So maybe what you should do when you catch a great trout is go back to camp and make a pot of coffee because there will not be a bigger or better fish today. Sooner or later your partners will wander in and you can tell them all about it. That’s your reward: a potentially great story that you may be able to tell well.

i’ve never thought of myself as one to go through hell and go ‘heh heh, that’ll make a great story’ (i met a lot of those folks in creative writing classes at the U). if it’ll make a great story, it was probably an interesting piece of life. it’s either worth writing about or worth talking about, but probably not both. talk is cheap. there are the kinds of stories that i can not talk about with anybody. the things that happen to you that are too beautiful (a green hillside in the rockies) or too frightening (a bad car accident) to chat about. but they are well kept in the heart and they are part of life and if i’m given enough years those things should seep into the larger story and be worthwhile.

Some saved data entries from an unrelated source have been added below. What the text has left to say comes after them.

definition inner_cell :: "edge set \<Rightarrow> vert \<Rightarrow> bool" where
  "inner_cell C h \<longleftrightarrow> is_cell h \<and> finite {h'. (cell_step C)\<^sup>*\<^sup>* h h'}"

text \<open>The hexagonal system determined by a lattice cycle: the cycle together with its
interior.  Vertices, edges and hexagons (each hexagon given by its edge set).\<close>

definition hs_hex :: "vert list \<Rightarrow> edge set set" where
  "hs_hex vs = hex_edges ` {h. inner_cell (cyc_edges vs) h}"

definition hs_E :: "vert list \<Rightarrow> edge set" where
  "hs_E vs = cyc_edges vs \<union> \<Union> (hs_hex vs)"

definition hs_V :: "vert list \<Rightarrow> vert set" where
  "hs_V vs = set vs \<union> \<Union> (hs_E vs)"

definition perfect_matching :: "'a set \<Rightarrow> 'a set set \<Rightarrow> 'a set set \<Rightarrow> bool" where
  "perfect_matching V E M \<longleftrightarrow> M \<subseteq> E \<and> (\<forall>v\<in>V. \<exists>!e. e \<in> M \<and> v \<in> e)"

definition kekulean :: "'a set \<Rightarrow> 'a set set \<Rightarrow> bool" where
  "kekulean V E \<longleftrightarrow> (\<exists>M. perfect_matching V E M)"

definition comp_verts :: "'a set set \<Rightarrow> 'a \<Rightarrow> 'a set" where
  "comp_verts F v = {u. (\<lambda>a b. {a, b} \<in> F)\<^sup>*\<^sup>* v u}"

definition comp_edges :: "'a set set \<Rightarrow> 'a \<Rightarrow> 'a set set" where
  "comp_edges F v = {e \<in> F. e \<subseteq> comp_verts F v}"

definition clar_cover :: "'a set \<Rightarrow> 'a set set \<Rightarrow> 'a set set set \<Rightarrow> 'a set set \<Rightarrow> bool" where
  "clar_cover V E Hx F \<longleftrightarrow> F \<subseteq> E \<and>
     (\<forall>v\<in>V. (comp_edges F v \<in> Hx \<and> comp_verts F v = \<Union> (comp_edges F v)) \<or>
             (\<exists>a b. a \<noteq> b \<and> comp_verts F v = {a, b} \<and> comp_edges F v = {{a, b}}))"

definition hex_components :: "'a set \<Rightarrow> 'a set set set \<Rightarrow> 'a set set \<Rightarrow> 'a set set set" where
  "hex_components V Hx F = {comp_edges F v | v. v \<in> V \<and> comp_edges F v \<in> Hx}"

definition clar_number_z :: "'a set \<Rightarrow> 'a set set \<Rightarrow> 'a set set set \<Rightarrow> nat \<Rightarrow> nat" where
  "clar_number_z V E Hx k = card {F. clar_cover V E Hx F \<and> card (hex_components V Hx F) = k}"

definition res_verts :: "'a set \<Rightarrow> 'a set set \<Rightarrow> 'a set set set" where
  "res_verts V E = {M. perfect_matching V E M}"

definition res_adj :: "'a set set set \<Rightarrow> 'a set set \<Rightarrow> 'a set set \<Rightarrow> bool" where
  "res_adj Hx M M' \<longleftrightarrow> (M - M') \<union> (M' - M) \<in> Hx"

definition cube_adj :: "nat set \<Rightarrow> nat set \<Rightarrow> bool" where
  "cube_adj A B \<longleftrightarrow> card ((A - B) \<union> (B - A)) = 1"

definition cube_count :: "'v set \<Rightarrow> ('v \<Rightarrow> 'v \<Rightarrow> bool) \<Rightarrow> nat \<Rightarrow> nat" where
  "cube_count VG adj i = card {S. S \<subseteq> VG \<and>
      (\<exists>f. bij_betw f (Pow {..<i}) S \<and>
           (\<forall>A\<in>Pow {..<i}. \<forall>B\<in>Pow {..<i}. cube_adj A B \<longleftrightarrow> adj (f A) (f B)))}"

end

theory Submission
  imports Defs
begin

text \<open>
  Let \<open>F\<close> be a Clar cover with hexagon components \<open>h\<^sub>1, \<dots>, h\<^sub>k\<close>. Choosing one of the
  two perfect matchings in every hexagon turns \<open>F\<close> into a perfect matching \<open>M\<close> for which the
  \<open>h\<^sub>j\<close> are pairwise disjoint and \<open>M\<close>-alternating; the perfect matchings inside \<open>F\<close> are
  then exactly the \<open>M \<triangle> \<Union>{h\<^sub>j | j \<in> A}\<close>, \<open>A \<subseteq> {1..k}\<close>, and they span an induced
  \<open>k\<close>-cube of the resonance graph. Conversely, since distinct hexagons share at most one edge,
  opposite edges of a 4-cycle of the resonance graph carry the same hexagon; hence an induced
  cube is generated by the hexagons on the edges at one of its vertices, which are again
  pairwise disjoint and alternating, and the union of its vertices is a Clar cover. So
  \<open>F \<mapsto> {M. M \<subseteq> F}\<close> is a bijection between Clar covers with \<open>k\<close> hexagons and induced
  \<open>k\<close>-cubes.
\<close>

lemma symp_edge_rel: "symp (\<lambda>a b. {a, b} \<in> F)"
  by (auto intro: sympI simp: insert_commute)

lemma comp_verts_self: "v \<in> comp_verts F v"
  by (simp add: comp_verts_def)

lemma comp_verts_step: "u \<in> comp_verts F v \<Longrightarrow> {u, w} \<in> F \<Longrightarrow> w \<in> comp_verts F v"
  unfolding comp_verts_def by (auto intro: rtranclp.rtrancl_into_rtrancl)

lemma comp_verts_subset_closed:
  assumes "v \<in> X" and "\<And>a c. a \<in> X \<Longrightarrow> {a, c} \<in> F \<Longrightarrow> c \<in> X"
  shows "comp_verts F v \<subseteq> X"
proof
  fix u assume "u \<in> comp_verts F v"
  then have "(\<lambda>a b. {a, b} \<in> F)\<^sup>*\<^sup>* v u" by (simp add: comp_verts_def)
  then show "u \<in> X" by (induction rule: rtranclp_induct) (use assms in auto)
qed

lemma comp_verts_eq:
  assumes "u \<in> comp_verts F v" shows "comp_verts F u = comp_verts F v"
proof -
  have vu: "(\<lambda>a b. {a, b} \<in> F)\<^sup>*\<^sup>* v u" using assms by (simp add: comp_verts_def)
  moreover have "(\<lambda>a b. {a, b} \<in> F)\<^sup>*\<^sup>* u v"
    by (rule sympD[OF symp_rtranclp[OF symp_edge_rel] vu])
  ultimately show ?thesis unfolding comp_verts_def by (auto intro: rtranclp_trans)
qed

lemma comp_edges_eq: "u \<in> comp_verts F v \<Longrightarrow> comp_edges F u = comp_edges F v"
  unfolding comp_edges_def using comp_verts_eq by metis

a fish, a day fishing, a big fish, a difficult fish, is the exception. fishing provides infinite fodder for story, verbal or written. fishing provides ample opportunity for reflection during the course of the action. the stories melt together and become part of the larger narrative. there are important observations about biology, weather, the wild, water, animals, fish behavior, human behavior, friendship, etc that can fuel a lifetime. there is humor (because after all, it is oafish man trying to trick a ghostly fish into biting onto that sharp hook.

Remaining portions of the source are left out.